The flower buds are arranged in leaf axils in groups of three on an unbranched peduncle 2–6 mm (0.079–0.236 in) long, the individual buds sessile. Mature buds are oval, 6–8 mm (0.24–0.31 in) long and 4–6 mm (0.16–0.24 in) wide with a rounded to beaked operculum. Flowering occurs from November to May, peaking between January and March, and the flowers are white. The fruit is a sessile, woody, hemispherical to bell-shaped capsule 5–7 mm (0.20–0.28 in) long and 5–9 mm (0.20–0.35 in) wide with the valves at rim level or slightly above.

Taxonomy and naming

Eucalyptus subcrenulata was first formally described in 1929 by Joseph Maiden and William Blakely in Maiden's book A Critical Revision of the Genus Eucalyptus, from specimens he collected near Mount Field East in 1906. The specific epithet (subcrenulata) is derived from the Latin sub- meaning "somewhat" or "not completely" and crenulatus meaning "having small, rounded teeth", referring to the leaf edges.

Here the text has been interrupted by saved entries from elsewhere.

lemma reflect_mod_eq_iff:
  fixes j j' k :: nat
  assumes "j < k" "j' < k"
  shows "(k - j) mod k = (k - j') mod k \<longleftrightarrow> j = j'"
  using assms by (cases "j = 0"; cases "j' = 0") (auto simp: mod_if)

lemma reflect_Suc_mod_iff:
  fixes j j' k :: nat
  assumes "j < k" "j' < k"
  shows "(k - j') mod k = Suc ((k - j) mod k) mod k \<longleftrightarrow> j = Suc j' mod k"
  using assms by (cases "j = 0"; cases "j' = 0") (auto simp: mod_if)

lemma torus_adj_reflect_column:
  "torus_adj k (reflect_column k p) (reflect_column k q) = torus_adj k p q"
proof (cases "snd p < k \<and> snd q < k")
  case True
  then show ?thesis
    by (cases p, cases q)
       (simp add: torus_adj_def grid_nodes_def reflect_column_Pair reflect_mod_eq_iff reflect_Suc_mod_iff; blast)
next
  case False
  then show ?thesis
    by (auto simp: torus_adj_def grid_nodes_def reflect_column_def)
qed

lemma cyl_adj_reflect_column:
  "cyl_adj k (reflect_column k p) (reflect_column k q) = cyl_adj k p q"
proof (cases "snd p < k \<and> snd q < k")
  case True
  then show ?thesis
    by (cases p, cases q)
       (simp add: cyl_adj_def grid_nodes_def reflect_column_Pair reflect_mod_eq_iff reflect_Suc_mod_iff; blast)
next
  case False
  then show ?thesis
    by (auto simp: cyl_adj_def grid_nodes_def reflect_column_def)
qed

lemma wrapped_grid_torus:
  assumes "3 \<le> k"
  shows "wrapped_grid k (torus_adj k)"
proof
  fix p q
  show "torus_adj k p q \<Longrightarrow> p \<in> grid_nodes k \<and> q \<in> grid_nodes k"
    by (simp add: torus_adj_def)
  show "torus_adj k (reflect_column k p) (reflect_column k q) = torus_adj k p q"
    by (rule torus_adj_reflect_column)
  assume "torus_adj k p q" "1 \<le> fst p" "fst p + 2 \<le> k"
  then show "fst q \<le> fst p + 1 \<and> fst p \<le> fst q + 1"
    by (cases p, cases q) (auto simp: torus_adj_def grid_nodes_def mod_if split: if_splits)
next
  fix i j assume "i < k" "j < k"
  then show "torus_adj k (i, j) (i, Suc j mod k)"
    using assms by (auto simp: torus_adj_def grid_nodes_def mod_if)
next
  fix i j assume "Suc i < k" "j < k"
  then show "torus_adj k (i, j) (Suc i, j)"
    by (simp add: torus_adj_def grid_nodes_def)
qed

lemma wrapped_grid_cyl:
  assumes "3 \<le> k"
  shows "wrapped_grid k (cyl_adj k)"
proof
  fix p q
  show "cyl_adj k p q \<Longrightarrow> p \<in> grid_nodes k \<and> q \<in> grid_nodes k"
    by (simp add: cyl_adj_def)
  show "cyl_adj k (reflect_column k p) (reflect_column k q) = cyl_adj k p q"
    by (rule cyl_adj_reflect_column)
  show "cyl_adj k p q \<Longrightarrow> fst q \<le> fst p + 1 \<and> fst p \<le> fst q + 1"
    by (auto simp: cyl_adj_def)
next
  fix i j assume "i < k" "j < k"
  then show "cyl_adj k (i, j) (i, Suc j mod k)"
    using assms by (auto simp: cyl_adj_def grid_nodes_def mod_if)
next
  fix i j assume "Suc i < k" "j < k"
  then show "cyl_adj k (i, j) (Suc i, j)"
    by (simp add: cyl_adj_def grid_nodes_def)
qed

theorem theorem2:
  fixes d :: nat
  assumes "d \<ge> 1"
  shows "\<exists>c::real>0. \<exists>n0::nat. \<forall>n k T A. n \<ge> n0 \<and> n = k ^ 2 \<and> odd k \<longrightarrow>
           (online_3col_solves (grid_nodes k) (torus_adj k) (n ^ d) T A \<longrightarrow> real T \<ge> c * sqrt (real n)) \<and>
           (online_3col_solves (grid_nodes k) (cyl_adj k) (n ^ d) T A \<longrightarrow> real T \<ge> c * sqrt (real n))"
proof (intro exI[of _ "1/8 :: real"] conjI exI[of _ "144 :: nat"] allI impI)
  fix n k T :: nat and A
  assume n: "144 \<le> n \<and> n = k ^ 2 \<and> odd k"
  have "12 \<le> k"
    using power2_le_imp_le[of "12 :: nat" k] n by simp
  have "n ^ 1 \<le> n ^ d"
    using n assms by (intro power_increasing) auto
  then have N: "k ^ 2 \<le> n ^ d"
    using n by simp
  have sqrt_n: "1/8 * sqrt (real n) = real k / 8"
    using n by simp
  show "online_3col_solves (grid_nodes k) (torus_adj k) (n ^ d) T A \<Longrightarrow> 1/8 * sqrt (real n) \<le> real T"
    using wrapped_grid.online_3col_locality_ge[OF wrapped_grid_torus _ _ N] n \<open>12 \<le> k\<close> sqrt_n
    by simp
  show "online_3col_solves (grid_nodes k) (cyl_adj k) (n ^ d) T A \<Longrightarrow> 1/8 * sqrt (real n) \<le> real T"
    using wrapped_grid.online_3col_locality_ge[OF wrapped_grid_cyl _ _ N] n \<open>12 \<le> k\<close> sqrt_n
    by simp
qed simp

end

This eucalypt is in the subgenus Symphyomyrtus, section Maidenaria, series Semiunicolores along with two other Tasmanian species, Tasmanian yellow gum (E. johnstonii), varnished gum (E. vernicosa) and two mainland species, Mt Imlay mallee (E. imlayensis) and Nunniong gum (E. elaeophloia. Eucalypts in section Maidenaria have cotyledons with two lobes, flower buds in leaf axils and with two opercula, stamens with versatile anthers and flattened seeds with a ventral hilum. The species in the series Semiunicoloreshave smooth bark, juvenile leaves mostly arranged in opposite pairs and with toothed margins, glossy green crown leaves, flower buds in threes and sessile fruit.

Eucalyptus johnstonii tends to occur at lower altitudes than E. subcrenulata and E. vernicosa, usually a small-leaved shrub, at the highest. It is also similar to urn gum (E. urnigera) in series Orbiculares but that species is distinguished by its urn-shaped fruit. The mainland species have more greyish leaves.

Distribution and habitat

Eucalyptus subcrenulata grows on exposed ridges, plateaus and slopes in subalpine woodland on the central and western highlands of Tasmania, including in the Mount Field National Park and Great Western Tiers. It also occurs with E. coccifera in the more exposed subalpine woodlands.

Use in horticulture

Tasmanian alpine yellow gum grows best in well-drained soil in a sunny location. It is frost resistant but must be kept watered. It is recognised as being very cold-tolerant in both New Zealand and Britain. Evans (1986) even identified E. subcrenulata as being a promising species for planting in milder areas of the United Kingdom.